### Instructions to follow
Go through the listing beneath this task and return every line that carries the string "diagonals".

### Records supplied
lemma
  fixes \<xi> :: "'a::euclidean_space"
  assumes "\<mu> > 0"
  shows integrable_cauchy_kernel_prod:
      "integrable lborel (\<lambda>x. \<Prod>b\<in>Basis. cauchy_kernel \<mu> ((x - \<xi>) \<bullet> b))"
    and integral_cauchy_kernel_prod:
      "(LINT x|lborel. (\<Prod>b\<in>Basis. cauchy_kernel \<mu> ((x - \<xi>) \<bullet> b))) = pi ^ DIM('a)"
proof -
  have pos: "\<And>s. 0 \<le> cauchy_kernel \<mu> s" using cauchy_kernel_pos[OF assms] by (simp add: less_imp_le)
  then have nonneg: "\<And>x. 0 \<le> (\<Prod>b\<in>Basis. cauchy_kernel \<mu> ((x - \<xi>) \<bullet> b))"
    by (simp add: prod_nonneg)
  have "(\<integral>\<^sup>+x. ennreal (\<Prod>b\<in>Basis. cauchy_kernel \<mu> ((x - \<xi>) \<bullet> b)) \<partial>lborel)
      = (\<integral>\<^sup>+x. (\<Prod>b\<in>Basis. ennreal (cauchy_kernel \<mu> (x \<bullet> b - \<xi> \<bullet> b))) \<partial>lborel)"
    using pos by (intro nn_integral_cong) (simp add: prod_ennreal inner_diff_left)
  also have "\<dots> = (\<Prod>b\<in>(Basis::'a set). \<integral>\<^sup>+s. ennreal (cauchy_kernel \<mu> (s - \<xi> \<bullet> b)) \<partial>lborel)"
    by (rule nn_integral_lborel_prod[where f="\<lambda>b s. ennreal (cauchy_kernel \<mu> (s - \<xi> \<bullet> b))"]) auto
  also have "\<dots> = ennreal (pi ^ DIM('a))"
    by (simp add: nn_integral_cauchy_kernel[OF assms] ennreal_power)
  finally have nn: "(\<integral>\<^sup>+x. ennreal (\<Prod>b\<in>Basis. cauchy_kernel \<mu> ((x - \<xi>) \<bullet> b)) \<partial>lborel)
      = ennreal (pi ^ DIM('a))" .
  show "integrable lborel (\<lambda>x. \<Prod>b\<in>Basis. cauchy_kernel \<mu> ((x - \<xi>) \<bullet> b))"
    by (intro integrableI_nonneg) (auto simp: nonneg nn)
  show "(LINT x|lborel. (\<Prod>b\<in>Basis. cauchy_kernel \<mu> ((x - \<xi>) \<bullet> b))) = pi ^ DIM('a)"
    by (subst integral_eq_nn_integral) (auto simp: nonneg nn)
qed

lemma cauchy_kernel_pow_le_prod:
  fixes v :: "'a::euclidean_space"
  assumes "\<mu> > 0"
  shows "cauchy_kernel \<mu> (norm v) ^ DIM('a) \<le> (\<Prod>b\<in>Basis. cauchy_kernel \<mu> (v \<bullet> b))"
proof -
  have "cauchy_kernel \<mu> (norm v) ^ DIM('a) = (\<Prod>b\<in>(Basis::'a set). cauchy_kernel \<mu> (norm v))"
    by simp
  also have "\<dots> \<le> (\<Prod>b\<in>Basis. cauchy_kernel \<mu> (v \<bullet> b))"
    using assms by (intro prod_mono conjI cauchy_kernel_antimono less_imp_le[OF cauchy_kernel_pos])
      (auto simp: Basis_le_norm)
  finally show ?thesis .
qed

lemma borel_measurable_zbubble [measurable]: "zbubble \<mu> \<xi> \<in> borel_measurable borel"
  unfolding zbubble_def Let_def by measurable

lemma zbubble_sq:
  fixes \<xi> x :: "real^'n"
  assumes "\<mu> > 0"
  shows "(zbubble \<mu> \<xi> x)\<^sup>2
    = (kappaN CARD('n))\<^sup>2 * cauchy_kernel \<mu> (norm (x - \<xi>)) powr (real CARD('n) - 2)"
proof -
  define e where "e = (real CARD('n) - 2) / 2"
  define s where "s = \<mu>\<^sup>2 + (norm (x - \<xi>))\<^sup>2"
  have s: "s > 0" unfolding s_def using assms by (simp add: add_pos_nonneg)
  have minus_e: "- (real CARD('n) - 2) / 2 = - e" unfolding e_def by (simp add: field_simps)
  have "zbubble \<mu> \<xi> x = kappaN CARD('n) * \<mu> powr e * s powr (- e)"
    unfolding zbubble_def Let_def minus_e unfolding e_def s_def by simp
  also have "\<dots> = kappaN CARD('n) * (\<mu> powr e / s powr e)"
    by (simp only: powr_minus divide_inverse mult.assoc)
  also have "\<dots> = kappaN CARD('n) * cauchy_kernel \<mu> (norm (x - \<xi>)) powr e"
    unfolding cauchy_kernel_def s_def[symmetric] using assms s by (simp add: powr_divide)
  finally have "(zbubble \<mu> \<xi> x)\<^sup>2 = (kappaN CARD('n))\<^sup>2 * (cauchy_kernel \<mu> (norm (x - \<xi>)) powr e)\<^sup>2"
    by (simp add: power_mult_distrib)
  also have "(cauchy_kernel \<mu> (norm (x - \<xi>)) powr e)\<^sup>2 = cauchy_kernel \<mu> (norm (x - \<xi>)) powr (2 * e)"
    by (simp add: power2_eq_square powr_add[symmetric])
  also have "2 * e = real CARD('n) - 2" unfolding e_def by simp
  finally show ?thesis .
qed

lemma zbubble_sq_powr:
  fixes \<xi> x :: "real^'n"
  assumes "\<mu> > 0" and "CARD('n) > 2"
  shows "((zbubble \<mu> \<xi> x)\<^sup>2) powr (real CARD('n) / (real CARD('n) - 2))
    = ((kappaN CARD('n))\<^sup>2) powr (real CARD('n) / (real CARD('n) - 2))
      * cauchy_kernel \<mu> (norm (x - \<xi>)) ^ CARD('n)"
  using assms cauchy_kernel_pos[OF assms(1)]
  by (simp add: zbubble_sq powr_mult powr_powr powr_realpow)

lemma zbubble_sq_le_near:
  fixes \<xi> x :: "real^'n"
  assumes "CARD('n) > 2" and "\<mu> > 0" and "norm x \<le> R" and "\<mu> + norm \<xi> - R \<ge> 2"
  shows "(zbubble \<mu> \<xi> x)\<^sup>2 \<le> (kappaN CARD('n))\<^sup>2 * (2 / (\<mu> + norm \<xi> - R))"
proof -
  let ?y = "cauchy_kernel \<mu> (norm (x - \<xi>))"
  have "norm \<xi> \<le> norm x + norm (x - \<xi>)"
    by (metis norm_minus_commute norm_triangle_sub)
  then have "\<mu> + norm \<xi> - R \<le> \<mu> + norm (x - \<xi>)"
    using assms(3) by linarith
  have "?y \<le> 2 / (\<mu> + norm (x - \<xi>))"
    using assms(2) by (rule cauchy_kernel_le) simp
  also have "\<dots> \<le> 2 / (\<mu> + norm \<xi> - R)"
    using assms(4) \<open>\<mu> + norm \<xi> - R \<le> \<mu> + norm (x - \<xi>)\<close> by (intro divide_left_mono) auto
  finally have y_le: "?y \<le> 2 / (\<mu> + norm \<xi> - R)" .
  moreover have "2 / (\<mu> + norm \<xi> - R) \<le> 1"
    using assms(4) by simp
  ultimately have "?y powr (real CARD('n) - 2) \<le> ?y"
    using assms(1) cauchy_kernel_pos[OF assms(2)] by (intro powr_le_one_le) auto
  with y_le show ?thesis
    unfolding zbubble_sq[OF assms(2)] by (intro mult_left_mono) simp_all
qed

--

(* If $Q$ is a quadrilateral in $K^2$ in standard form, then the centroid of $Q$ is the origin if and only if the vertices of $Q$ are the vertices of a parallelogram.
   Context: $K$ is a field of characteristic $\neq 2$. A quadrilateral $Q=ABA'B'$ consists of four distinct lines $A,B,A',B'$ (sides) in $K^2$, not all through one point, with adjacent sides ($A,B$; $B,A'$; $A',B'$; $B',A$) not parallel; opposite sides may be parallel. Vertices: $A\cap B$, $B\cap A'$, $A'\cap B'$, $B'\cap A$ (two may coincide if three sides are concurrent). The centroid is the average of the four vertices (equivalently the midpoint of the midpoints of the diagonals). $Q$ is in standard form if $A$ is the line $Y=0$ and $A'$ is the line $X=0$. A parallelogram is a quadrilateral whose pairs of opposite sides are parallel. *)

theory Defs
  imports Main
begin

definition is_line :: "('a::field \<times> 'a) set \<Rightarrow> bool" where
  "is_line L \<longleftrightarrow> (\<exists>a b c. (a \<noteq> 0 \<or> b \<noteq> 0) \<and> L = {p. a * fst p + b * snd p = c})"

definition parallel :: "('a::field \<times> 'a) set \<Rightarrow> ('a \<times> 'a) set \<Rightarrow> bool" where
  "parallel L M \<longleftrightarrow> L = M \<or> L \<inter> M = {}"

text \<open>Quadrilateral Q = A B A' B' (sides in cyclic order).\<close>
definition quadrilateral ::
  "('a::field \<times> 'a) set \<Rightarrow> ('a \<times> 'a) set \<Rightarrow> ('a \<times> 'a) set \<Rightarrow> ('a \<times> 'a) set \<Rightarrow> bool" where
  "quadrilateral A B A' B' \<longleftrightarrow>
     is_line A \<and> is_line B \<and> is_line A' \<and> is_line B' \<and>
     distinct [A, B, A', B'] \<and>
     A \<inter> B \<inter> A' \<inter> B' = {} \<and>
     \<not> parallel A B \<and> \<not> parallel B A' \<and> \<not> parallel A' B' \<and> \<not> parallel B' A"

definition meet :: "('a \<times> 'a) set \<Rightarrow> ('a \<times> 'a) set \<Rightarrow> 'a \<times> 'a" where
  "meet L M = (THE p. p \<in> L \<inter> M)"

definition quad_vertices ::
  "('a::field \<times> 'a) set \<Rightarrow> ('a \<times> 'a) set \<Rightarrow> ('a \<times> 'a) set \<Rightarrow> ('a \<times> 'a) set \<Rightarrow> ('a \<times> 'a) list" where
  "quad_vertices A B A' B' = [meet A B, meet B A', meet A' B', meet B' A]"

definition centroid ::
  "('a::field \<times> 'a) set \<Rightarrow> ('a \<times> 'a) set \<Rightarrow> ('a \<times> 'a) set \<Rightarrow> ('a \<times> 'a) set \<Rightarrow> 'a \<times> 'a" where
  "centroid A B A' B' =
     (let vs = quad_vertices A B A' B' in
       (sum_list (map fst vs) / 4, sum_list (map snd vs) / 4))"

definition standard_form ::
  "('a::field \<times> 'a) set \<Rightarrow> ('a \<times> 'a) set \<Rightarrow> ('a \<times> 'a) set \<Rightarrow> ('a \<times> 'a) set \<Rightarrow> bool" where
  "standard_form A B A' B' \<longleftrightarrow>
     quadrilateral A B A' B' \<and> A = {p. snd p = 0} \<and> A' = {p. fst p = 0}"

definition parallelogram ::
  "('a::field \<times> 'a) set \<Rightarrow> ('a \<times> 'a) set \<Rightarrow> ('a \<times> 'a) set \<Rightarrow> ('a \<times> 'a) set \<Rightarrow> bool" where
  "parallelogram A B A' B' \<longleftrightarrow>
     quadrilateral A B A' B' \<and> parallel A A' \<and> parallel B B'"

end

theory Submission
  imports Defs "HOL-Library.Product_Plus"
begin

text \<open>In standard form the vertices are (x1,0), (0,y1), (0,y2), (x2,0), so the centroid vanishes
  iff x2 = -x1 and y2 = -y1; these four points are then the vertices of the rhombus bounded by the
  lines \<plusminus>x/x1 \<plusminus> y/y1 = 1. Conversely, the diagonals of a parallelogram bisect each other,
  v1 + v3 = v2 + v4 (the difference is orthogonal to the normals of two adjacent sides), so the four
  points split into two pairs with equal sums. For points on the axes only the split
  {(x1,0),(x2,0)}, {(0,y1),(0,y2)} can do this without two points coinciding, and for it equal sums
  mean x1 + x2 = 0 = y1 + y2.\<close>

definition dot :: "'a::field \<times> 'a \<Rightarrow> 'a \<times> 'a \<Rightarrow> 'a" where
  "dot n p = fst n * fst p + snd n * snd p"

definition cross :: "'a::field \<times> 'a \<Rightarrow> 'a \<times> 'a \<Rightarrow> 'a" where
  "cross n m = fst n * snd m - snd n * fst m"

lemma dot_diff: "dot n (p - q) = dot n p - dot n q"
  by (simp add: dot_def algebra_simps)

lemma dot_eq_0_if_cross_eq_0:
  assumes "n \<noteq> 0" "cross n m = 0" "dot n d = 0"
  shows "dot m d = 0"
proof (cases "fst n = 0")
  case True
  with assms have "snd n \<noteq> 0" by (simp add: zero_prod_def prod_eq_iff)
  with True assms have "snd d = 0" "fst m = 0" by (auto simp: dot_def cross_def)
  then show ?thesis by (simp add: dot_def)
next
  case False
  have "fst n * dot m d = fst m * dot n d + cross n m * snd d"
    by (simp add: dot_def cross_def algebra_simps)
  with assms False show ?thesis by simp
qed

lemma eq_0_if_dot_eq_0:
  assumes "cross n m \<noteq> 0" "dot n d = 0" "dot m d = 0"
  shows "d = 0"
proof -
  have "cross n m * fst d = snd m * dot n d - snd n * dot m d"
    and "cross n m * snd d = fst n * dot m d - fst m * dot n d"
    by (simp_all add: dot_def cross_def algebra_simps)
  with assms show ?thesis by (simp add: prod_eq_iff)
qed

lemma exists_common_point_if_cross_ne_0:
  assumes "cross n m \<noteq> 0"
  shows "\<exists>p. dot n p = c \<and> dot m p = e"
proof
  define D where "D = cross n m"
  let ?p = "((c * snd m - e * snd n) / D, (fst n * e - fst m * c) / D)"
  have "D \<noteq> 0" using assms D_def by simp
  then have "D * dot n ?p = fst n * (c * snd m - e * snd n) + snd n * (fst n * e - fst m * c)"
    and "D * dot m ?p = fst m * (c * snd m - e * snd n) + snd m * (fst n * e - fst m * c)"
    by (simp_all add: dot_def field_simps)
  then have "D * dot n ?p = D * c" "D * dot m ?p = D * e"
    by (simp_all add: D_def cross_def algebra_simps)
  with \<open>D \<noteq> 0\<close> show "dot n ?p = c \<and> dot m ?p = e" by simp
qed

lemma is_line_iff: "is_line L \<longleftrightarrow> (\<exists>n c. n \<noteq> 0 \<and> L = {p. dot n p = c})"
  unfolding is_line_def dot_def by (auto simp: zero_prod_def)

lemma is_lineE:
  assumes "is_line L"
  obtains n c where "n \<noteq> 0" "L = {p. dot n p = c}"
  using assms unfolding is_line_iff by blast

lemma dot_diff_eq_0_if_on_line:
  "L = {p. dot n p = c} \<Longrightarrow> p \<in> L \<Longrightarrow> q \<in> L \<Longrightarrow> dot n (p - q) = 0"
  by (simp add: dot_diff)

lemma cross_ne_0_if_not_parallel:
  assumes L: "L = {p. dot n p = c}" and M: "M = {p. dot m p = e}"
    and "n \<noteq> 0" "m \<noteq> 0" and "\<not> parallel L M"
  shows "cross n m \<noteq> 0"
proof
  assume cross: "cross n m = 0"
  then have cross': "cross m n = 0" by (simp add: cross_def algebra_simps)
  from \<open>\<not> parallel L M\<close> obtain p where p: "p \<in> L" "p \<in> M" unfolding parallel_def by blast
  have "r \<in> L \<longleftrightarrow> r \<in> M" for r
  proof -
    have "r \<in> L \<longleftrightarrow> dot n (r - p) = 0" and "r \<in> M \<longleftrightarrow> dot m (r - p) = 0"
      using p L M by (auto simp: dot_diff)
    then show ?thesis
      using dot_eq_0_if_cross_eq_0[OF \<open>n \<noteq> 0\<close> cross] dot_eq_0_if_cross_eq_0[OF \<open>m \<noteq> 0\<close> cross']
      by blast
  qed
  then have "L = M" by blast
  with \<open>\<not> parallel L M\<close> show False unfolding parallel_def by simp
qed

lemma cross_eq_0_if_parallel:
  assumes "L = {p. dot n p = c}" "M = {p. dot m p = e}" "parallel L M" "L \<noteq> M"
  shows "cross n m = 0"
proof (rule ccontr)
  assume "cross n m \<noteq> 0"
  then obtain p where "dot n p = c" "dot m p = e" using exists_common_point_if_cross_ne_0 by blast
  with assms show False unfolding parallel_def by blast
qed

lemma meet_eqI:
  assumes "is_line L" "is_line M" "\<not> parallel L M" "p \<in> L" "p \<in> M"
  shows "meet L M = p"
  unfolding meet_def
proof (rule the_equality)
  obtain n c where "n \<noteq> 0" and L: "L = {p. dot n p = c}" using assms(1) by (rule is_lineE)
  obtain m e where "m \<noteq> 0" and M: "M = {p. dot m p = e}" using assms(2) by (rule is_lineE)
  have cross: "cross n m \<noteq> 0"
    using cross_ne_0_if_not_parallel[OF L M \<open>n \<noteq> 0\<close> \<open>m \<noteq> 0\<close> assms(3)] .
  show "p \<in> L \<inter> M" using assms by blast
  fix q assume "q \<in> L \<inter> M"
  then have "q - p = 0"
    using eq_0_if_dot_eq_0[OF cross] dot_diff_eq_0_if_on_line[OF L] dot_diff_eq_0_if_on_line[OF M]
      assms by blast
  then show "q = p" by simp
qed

### Your response
   Context: $K$ is a field of characteristic $\neq 2$. A quadrilateral $Q=ABA'B'$ consists of four distinct lines $A,B,A',B'$ (sides) in $K^2$, not all through one point, with adjacent sides ($A,B$; $B,A'$; $A',B'$; $B',A$) not parallel; opposite sides may be parallel. Vertices: $A\cap B$, $B\cap A'$, $A'\cap B'$, $B'\cap A$ (two may coincide if three sides are concurrent). The centroid is the average of the four vertices (equivalently the midpoint of the midpoints of the diagonals). $Q$ is in standard form if $A$ is the line $Y=0$ and $A'$ is the line $X=0$. A parallelogram is a quadrilateral whose pairs of opposite sides are parallel. *)
  lines \<plusminus>x/x1 \<plusminus> y/y1 = 1. Conversely, the diagonals of a parallelogram bisect each other,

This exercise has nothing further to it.